Conceptually, no religion can tolerate the other. All of them insist: ‘I am the truth not you… I have the word of God, it cannot change.’ It is a dogma. And dogmas like stubbornness demonstrate a lack of curiosity which is the fuel of development. The foreign religions that were brimming with fresh bulletins from truth now resisted new and advanced findings of truth in humanities or sciences. As representatives of outdated knowledge and hoary ideas, they are now like TR: irrational. And a religion can only be intolerant of another religion because it has first become intolerant of rationality. From this, other monsters burst forth, spill over to other aspects of life.

In this age of democracy and suicide bomber, one reads with horror the case of Olunde the eldest son of Eleshin who in Death and the King’s Horseman commits suicide so he can serve as the heavenly courier of his dead king. The play tells us he is a medical student; he himself mentions that he is “attached to hospitals all the time.” Meaning: he is not simply a medical student; he has enough sophistication of intellect to have passed pre-clinicals. How come such a mind trained to preserve life, flies home and takes his own life because of a religious stipulation? Iyalode snide at his undead father: ‘we fed your sweetmeats such as we hoped awaited you on the other side…’ This mindlessness is one with that of 19 young men, some studying elite courses in German universities who on a September 11 hijacked planes, turned them into altars and immolated themselves since they have been promised busty virgins on the other side. Why shed blood? Why get immolated or crucified to save one’s people? Extremisms own their irrationalities to the superstitious underlay of religions.

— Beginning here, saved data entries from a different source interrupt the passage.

(* Let $k=\mathbb{F}_3$, let $O_7(k)$ be the group of $7\times7$ matrices over $k$ orthogonal for the bilinear form $\langle x,y\rangle=x_1y_7+x_2y_6+\dots+x_7y_1$ on $k^7$, and let \[ A=\begin{pmatrix} 0&0&1&0&0&1&0\\ 1&0&0&0&0&0&1\\ 0&1&0&0&0&0&0\\ 0&0&0&0&0&0&0\\ 0&1&0&0&0&0&1\\ 0&0&1&0&1&0&0\\ 0&0&0&0&0&1&0 \end{pmatrix}. \] Then there exists $g\in O_7(k)$ such that $M=g^{-1}Ag$ satisfies $M_{ij}=0$ for all $(i,j)\in\{(4,1),(5,1),(5,2),(6,1),(6,2),(6,3),(7,1),(7,2),(7,3),(7,4)\}$. Even more, there exists $g\in O_7(k)$ such that $M=g^{-1}Ag$ satisfies these vanishing conditions and in addition $M_{31},M_{42},M_{53},M_{64},M_{75}\in k^\times$ (all remaining entries arbitrary).
   Context: $M_{ij}$ denotes the entry in row $i$ and column $j$. *)

theory Defs
  imports "HOL-Analysis.Analysis" "HOL-Library.Numeral_Type"
begin

text \<open>The field k = F_3 is the type 3 of HOL-Library.Numeral_Type (the integers modulo 3,
  a commutative ring which is the field with 3 elements).  Vectors in k^7 and 7x7 matrices are
  indexed by the type 7, whose elements are 0,...,6; the paper's index i (1..7) is idx i.\<close>

definition idx :: "nat \<Rightarrow> 7" where
  "idx i = of_nat (i - 1)"

definition Jform :: "3 ^ 7 ^ 7" where
  "Jform = (\<chi> i j. if (i, j) \<in> {(idx a, idx (8 - a)) | a. a \<in> {1..7}} then 1 else 0)"

definition O7 :: "(3 ^ 7 ^ 7) set" where
  "O7 = {g. transpose g ** Jform ** g = Jform}"

definition Amat :: "3 ^ 7 ^ 7" where
  "Amat = (\<chi> i j. if (i, j) \<in> (\<lambda>(a, b). (idx a, idx b)) `
        {(1,3),(1,6),(2,1),(2,7),(3,2),(5,2),(5,7),(6,3),(6,5),(7,6)} then 1 else 0)"

definition zero_pos :: "(nat \<times> nat) set" where
  "zero_pos = {(4,1),(5,1),(5,2),(6,1),(6,2),(6,3),(7,1),(7,2),(7,3),(7,4)}"

definition unit_pos :: "(nat \<times> nat) set" where
  "unit_pos = {(3,1),(4,2),(5,3),(6,4),(7,5)}"

end

theory Submission
  imports Defs
begin

text \<open>Since J is symmetric with J^2 = 1, the
  orthogonality relations g^T J g = J and g J g^T = J say that J g^T J is a two-sided
  inverse of g, so M = J g^T J A g is a product of explicit matrices over F_3 (multiplying by J
  merely reverses the order of rows or columns), and its entries are checked by computation.\<close>

lemma UNIV_7: "(UNIV :: 7 set) = {0, 1, 2, 3, 4, 5, 6}"
proof -
  have "(x :: 7) \<in> {0, 1, 2, 3, 4, 5, 6}" for x
  proof (induct x)
    case (of_int z)
    then have "z = 0 \<or> z = 1 \<or> z = 2 \<or> z = 3 \<or> z = 4 \<or> z = 5 \<or> z = 6" by fastforce
    then show ?case by auto
  qed
  then show ?thesis by auto
qed

lemma sum_UNIV_7: "sum f (UNIV :: 7 set) = f 0 + f 1 + f 2 + f 3 + f 4 + f 5 + f 6"
  unfolding UNIV_7 by (simp add: add.assoc)

lemma all_7: "(\<forall>i :: 7. P i) \<longleftrightarrow> P 0 \<and> P 1 \<and> P 2 \<and> P 3 \<and> P 4 \<and> P 5 \<and> P 6"
proof -
  have "i \<in> {0, 1, 2, 3, 4, 5, 6}" for i :: 7
    unfolding UNIV_7[symmetric] by (rule UNIV_I)
  then show ?thesis
    by (metis empty_iff insert_iff)
qed

lemma Jform_eq: "Jform = (\<chi> i j. if i + j = 6 then 1 else 0)"
proof -
  have "{1..7 :: nat} = {1, 2, 3, 4, 5, 6, 7}" by auto
  then have "{(idx a, idx (8 - a)) | a. a \<in> {1..7}}
      = (\<lambda>a. (idx a, idx (8 - a))) ` {1, 2, 3, 4, 5, 6, 7}"
    by blast
  also have "\<dots> = {(0, 6), (1, 5), (2, 4), (3, 3), (4, 2), (5, 1), (6, 0)}"
    by (simp add: idx_def)
  finally show ?thesis
    unfolding Jform_def vec_eq_iff all_7 by simp
qed

lemma Jform_mult: "Jform ** B = (\<chi> i j. B $ (6 - i) $ j)"
proof -
  have "(i + k = 6) = (k = 6 - i)" for i k :: 7
    by (auto simp: algebra_simps)
  then show ?thesis
    by (simp add: Jform_eq matrix_matrix_mult_def vec_eq_iff if_distrib[where f = "\<lambda>x. x * _"]
        cong: if_cong)
qed

lemma mult_Jform: "B ** Jform = (\<chi> i j. B $ i $ (6 - j))"
proof -
  have "(k + j = 6) = (k = 6 - j)" for j k :: 7
    by (auto simp: algebra_simps)
  then show ?thesis
    by (simp add: Jform_eq matrix_matrix_mult_def vec_eq_iff if_distrib cong: if_cong)
qed

lemma Jform_mult_Jform: "Jform ** Jform = mat 1"
  unfolding Jform_mult by (simp add: Jform_eq mat_def vec_eq_iff)

lemma matrix_inv_eqI:
  fixes A B :: "'a::semiring_1 ^ 'n ^ 'n"
  assumes "A ** B = mat 1" and "B ** A = mat 1"
  shows "matrix_inv A = B"
proof -
  let ?A' = "matrix_inv A"
  have "A ** ?A' = mat 1 \<and> ?A' ** A = mat 1"
    unfolding matrix_inv_def by (rule someI[where x = B]) (simp add: assms)
  then have left_inverse: "?A' ** A = mat 1" ..
  have "?A' = ?A' ** (A ** B)"
    using assms by (simp add: matrix_mul_rid)
  also have "\<dots> = B"
    by (simp add: matrix_mul_assoc left_inverse)
  finally show ?thesis .
qed

lemma matrix_inv_O7:
  assumes "g \<in> O7" and "transpose g \<in> O7"
  shows "matrix_inv g = Jform ** transpose g ** Jform"
proof (rule matrix_inv_eqI)
  have "g ** Jform ** transpose g = Jform"
    using assms(2) by (simp add: O7_def)
  then have "g ** (Jform ** transpose g ** Jform) = Jform ** Jform"
    by (simp add: matrix_mul_assoc)
  then show "g ** (Jform ** transpose g ** Jform) = mat 1"
    by (simp add: Jform_mult_Jform)
  have "transpose g ** Jform ** g = Jform"
    using assms(1) by (simp add: O7_def)
  then have "Jform ** transpose g ** Jform ** g = Jform ** Jform"
    by (simp add: matrix_mul_assoc[symmetric])
  then show "Jform ** transpose g ** Jform ** g = mat 1"
    by (simp add: Jform_mult_Jform)
qed

text \<open>Row and column k of the list (counting from 0) become the element k of the index type,
  which is the paper's index k + 1.\<close>

definition matrix_of_rows :: "int list list \<Rightarrow> 'a::ring_1 ^ 'n::finite bit1 ^ 'm::finite bit1" where
  "matrix_of_rows xss = (\<chi> i j. of_int (xss ! nat (Rep_bit1 i) ! nat (Rep_bit1 j)))"

lemma matrix_of_rows_nth [simp]:
  "matrix_of_rows xss $ i $ j = of_int (xss ! nat (Rep_bit1 i) ! nat (Rep_bit1 j))"
  by (simp add: matrix_of_rows_def)

declare bit1.Rep_0 [simp] bit1.Rep_1 [simp] bit1.Rep_numeral [simp]

lemma Amat_eq: "Amat = matrix_of_rows
   [[0, 0, 1, 0, 0, 1, 0],
    [1, 0, 0, 0, 0, 0, 1],
    [0, 1, 0, 0, 0, 0, 0],
    [0, 0, 0, 0, 0, 0, 0],
    [0, 1, 0, 0, 0, 0, 1],
    [0, 0, 1, 0, 1, 0, 0],
    [0, 0, 0, 0, 0, 1, 0]]"
proof -
  have "(\<lambda>(a, b). (idx a, idx b)) ` {(1,3),(1,6),(2,1),(2,7),(3,2),(5,2),(5,7),(6,3),(6,5),(7,6)}
     = {(0,2),(0,5),(1,0),(1,6),(2,1),(4,1),(4,6),(5,2),(5,4),(6,5)}"
    by (simp add: idx_def)
  then show ?thesis
    unfolding Amat_def vec_eq_iff all_7 by simp
qed

definition conjugator :: "3 ^ 7 ^ 7" where
  "conjugator = matrix_of_rows
   [[ 1, 0, 1, 0, -1, -1, 1],
    [ 0, 1, -1, 1, 0, 1, 0],
    [-1, 0, 0, 1, -1, 1, -1],
    [-1, 0, 0, 0, 0, 0, 1],
    [ 0, 0, 1, -1, 1, -1, 0],
    [-1, 0, -1, 0, 1, -1, -1],
    [ 1, 1, -1, 0, -1, 1, 1]]"

lemma conjugator_O7: "conjugator \<in> O7"
  unfolding O7_def mem_Collect_eq mult_Jform vec_eq_iff all_7
  by (simp add: conjugator_def Jform_eq transpose_def matrix_matrix_mult_def sum_UNIV_7)

lemma transpose_conjugator_O7: "transpose conjugator \<in> O7"
  unfolding O7_def mem_Collect_eq mult_Jform vec_eq_iff all_7
  by (simp add: conjugator_def Jform_eq transpose_def matrix_matrix_mult_def sum_UNIV_7)

lemma conjugate_Amat: "matrix_inv conjugator ** Amat ** conjugator = matrix_of_rows
   [[0, 0, 0, 0, 1, 0, 0],
    [0, 0, 0, 1, 0, -1, 0],
    [1, 0, 0, -1, 1, 0, 1],
    [0, 1, 0, 0, -1, 1, 0],
    [0, 0, 1, 0, 0, 0, 0],
    [0, 0, 0, 1, 0, 0, 0],
    [0, 0, 0, 0, 1, 0, 0]]"
  unfolding matrix_inv_O7[OF conjugator_O7 transpose_conjugator_O7] Jform_mult mult_Jform Amat_eq
    vec_eq_iff all_7
  by (simp add: conjugator_def transpose_def matrix_matrix_mult_def sum_UNIV_7)

theorem lemma2p4:
  shows "(\<exists>g \<in> O7. let M = matrix_inv g ** Amat ** g in
            (\<forall>(i, j) \<in> zero_pos. M $ idx i $ idx j = 0))
       \<and> (\<exists>g \<in> O7. let M = matrix_inv g ** Amat ** g in
            (\<forall>(i, j) \<in> zero_pos. M $ idx i $ idx j = 0) \<and>
            (\<forall>(i, j) \<in> unit_pos. M $ idx i $ idx j \<noteq> 0))"
proof -
  let ?M = "matrix_inv conjugator ** Amat ** conjugator"
  have zeros: "\<forall>(i, j) \<in> zero_pos. ?M $ idx i $ idx j = 0"
    unfolding conjugate_Amat by (simp add: zero_pos_def idx_def)
  have units: "\<forall>(i, j) \<in> unit_pos. ?M $ idx i $ idx j \<noteq> 0"
    unfolding conjugate_Amat by (simp add: unit_pos_def idx_def)
  show ?thesis
    using conjugator_O7 zeros units unfolding Let_def by blast
qed

end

Sutekh, Tammuz, Zeus, Manawyddan, Ra, Ubilulu in their days were Almighties with magnificent temples built to them and hundreds of prophets, seers, viziers in the business of interpreting their commandments. Where are they today? But these ex-Almighties should be commended for their precocious wisdom: having realized early the need for a post-religious society, they tore up the scripts and left the stage hence demonstrating to us the true and irreducible instruction.